NIST also has its own online store, where industrial labs can order “standard reference material” for a dizzying array of items, both mundane and exotic. For $1,107 you can buy 170 grams of peanut butter. Looking for a good source of industrial sludge? For $780, NIST can set you up with 70 grams, shipped to your door. You can also order “Lake Superior Fish Tissue,” “Urban dust,” “Organic Contaminants in Smokers’ Urine (Frozen),” and “Slurried Spinach.”

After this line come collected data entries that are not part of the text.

lemma bij_betw_lehmer_code:
  "bij_betw (lehmer_code {a..b}) {\<pi>. \<pi> permutes {a..b}} (lehmer_codes a b)"
proof -
  have "card (lehmer_code {a..b} ` {\<pi>. \<pi> permutes {a..b}}) = card (lehmer_codes a b)"
    using card_image[OF inj_on_lehmer_code] card_lehmer_codes by (simp add: card_permutations)
  moreover have "lehmer_code {a..b} ` {\<pi>. \<pi> permutes {a..b}} \<subseteq> lehmer_codes a b"
    using lehmer_code_in_lehmer_codes by blast
  moreover have "finite (lehmer_codes a b)"
    unfolding lehmer_codes_def by (intro finite_PiE) auto
  ultimately show ?thesis
    using inj_on_lehmer_code by (simp add: bij_betw_def card_subset_eq)
qed

subsection \<open>Cuts\<close>

definition is_cut :: "int set \<Rightarrow> (int \<Rightarrow> int) \<Rightarrow> int \<Rightarrow> bool" where
  "is_cut A \<pi> s \<longleftrightarrow> (\<forall>x\<in>A. x < s \<longrightarrow> \<pi> x < s)"

definition blocked :: "int set \<Rightarrow> (int \<Rightarrow> nat) \<Rightarrow> int \<Rightarrow> bool" where
  "blocked A c s \<longleftrightarrow> (\<exists>j\<in>A. s \<le> j \<and> j - s < int (c j))"

lemma permutes_between_cuts:
  assumes p: "\<pi> permutes A" and A: "finite A"
    and cut1: "is_cut A \<pi> s1" and cut2: "is_cut A \<pi> s2"
  shows "\<pi> ` {s1..s2 - 1} \<subseteq> {s1..s2 - 1}"
proof (rule image_subsetI)
  fix x assume x: "x \<in> {s1..s2 - 1}"
  show "\<pi> x \<in> {s1..s2 - 1}"
  proof (cases "x \<in> A")
    case False
    then show ?thesis using x p by (simp add: permutes_not_in)
  next
    case True
    define L where "L = {z\<in>A. z < s1}"
    have inj: "inj_on \<pi> L"
      using p by (rule permutes_inj_on)
    have "\<pi> ` L \<subseteq> L"
      using cut1 permutes_in_image[OF p] by (auto simp: is_cut_def L_def)
    then have "\<pi> ` L = L"
      using endo_inj_surj[OF _ _ inj] A by (simp add: L_def)
    moreover have "x \<notin> L"
      using x by (simp add: L_def)
    ultimately have "\<pi> x \<notin> L"
      by (metis inj_image_mem_iff permutes_inj[OF p])
    then have "s1 \<le> \<pi> x"
      using True permutes_in_image[OF p] by (auto simp: L_def)
    moreover have "\<pi> x < s2"
      using cut2 True x by (auto simp: is_cut_def)
    ultimately show ?thesis by simp
  qed
qed

lemma lehmer_code_eq_if_smaller_values_before:
  assumes p: "\<pi> permutes {a..b}" and j: "j \<in> {a..b}"
    and before: "\<And>i. i \<in> {a..b} \<Longrightarrow> \<pi> i < \<pi> j \<Longrightarrow> i < j"
  shows "int (lehmer_code {a..b} \<pi> j) = j - \<pi> j"
proof -
  let ?A = "{a..b}"
  define S where "S = {i\<in>?A. i < j}"
  define T where "T = {i\<in>?A. \<pi> i < \<pi> j}"
  have finS: "finite S"
    unfolding S_def by (rule finite_subset[of _ ?A]) auto
  have TS: "T \<subseteq> S"
    using before by (auto simp: S_def T_def)
  have "{i\<in>?A. i < j \<and> \<pi> j < \<pi> i} = S - T"
  proof
    show "{i\<in>?A. i < j \<and> \<pi> j < \<pi> i} \<subseteq> S - T"
      by (auto simp: S_def T_def)
  next
    show "S - T \<subseteq> {i\<in>?A. i < j \<and> \<pi> j < \<pi> i}"
    proof
      fix i assume i: "i \<in> S - T"
      then have "\<pi> i \<noteq> \<pi> j"
        using permutes_inj[OF p] by (auto simp: S_def inj_eq)
      with i show "i \<in> {i\<in>?A. i < j \<and> \<pi> j < \<pi> i}"
        by (auto simp: S_def T_def)
    qed
  qed
  then have "lehmer_code ?A \<pi> j = card (S - T)"
    using j by (simp add: lehmer_code_def)
  also have "\<dots> = card S - card T"
    by (rule card_Diff_subset[OF finite_subset[OF TS finS] TS])
  finally have "lehmer_code ?A \<pi> j = card S - card T" .
  moreover have "S = {a..j - 1}"
    using j by (auto simp: S_def)
  moreover have "\<pi> j \<in> ?A"
    using permutes_in_image[OF p] j by blast
  moreover have "card T = nat (\<pi> j - a)"
    unfolding T_def using card_less_permutes_interval[OF p] \<open>\<pi> j \<in> ?A\<close> by blast
  moreover have "card T \<le> card S"
    by (rule card_mono[OF finS TS])
  ultimately show ?thesis
    using j by simp
qed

From a purely bureaucratic perspective, this mugshot database perhaps seemed to fit neatly beside these items as yet another “standard reference material” in NIST’s collections. But today, decades after the photos were taken, their presence reminds us that the recent leaps forward in machine learning are fueled by mountains of data, and that includes real human faces. The practice of involuntary personal data collection used to train algorithms is not only limited to those people in the criminal legal system but is also happening to all of us. Access to Special Database 18 may be on pause, but that broader problem remains.
Investigative Data Journalist
March 20, 2023: This story originally described NIST as regulating standards and measurements. NIST does not regulate standards and measurements but rather develops voluntary standards. The story has been updated to correct the error.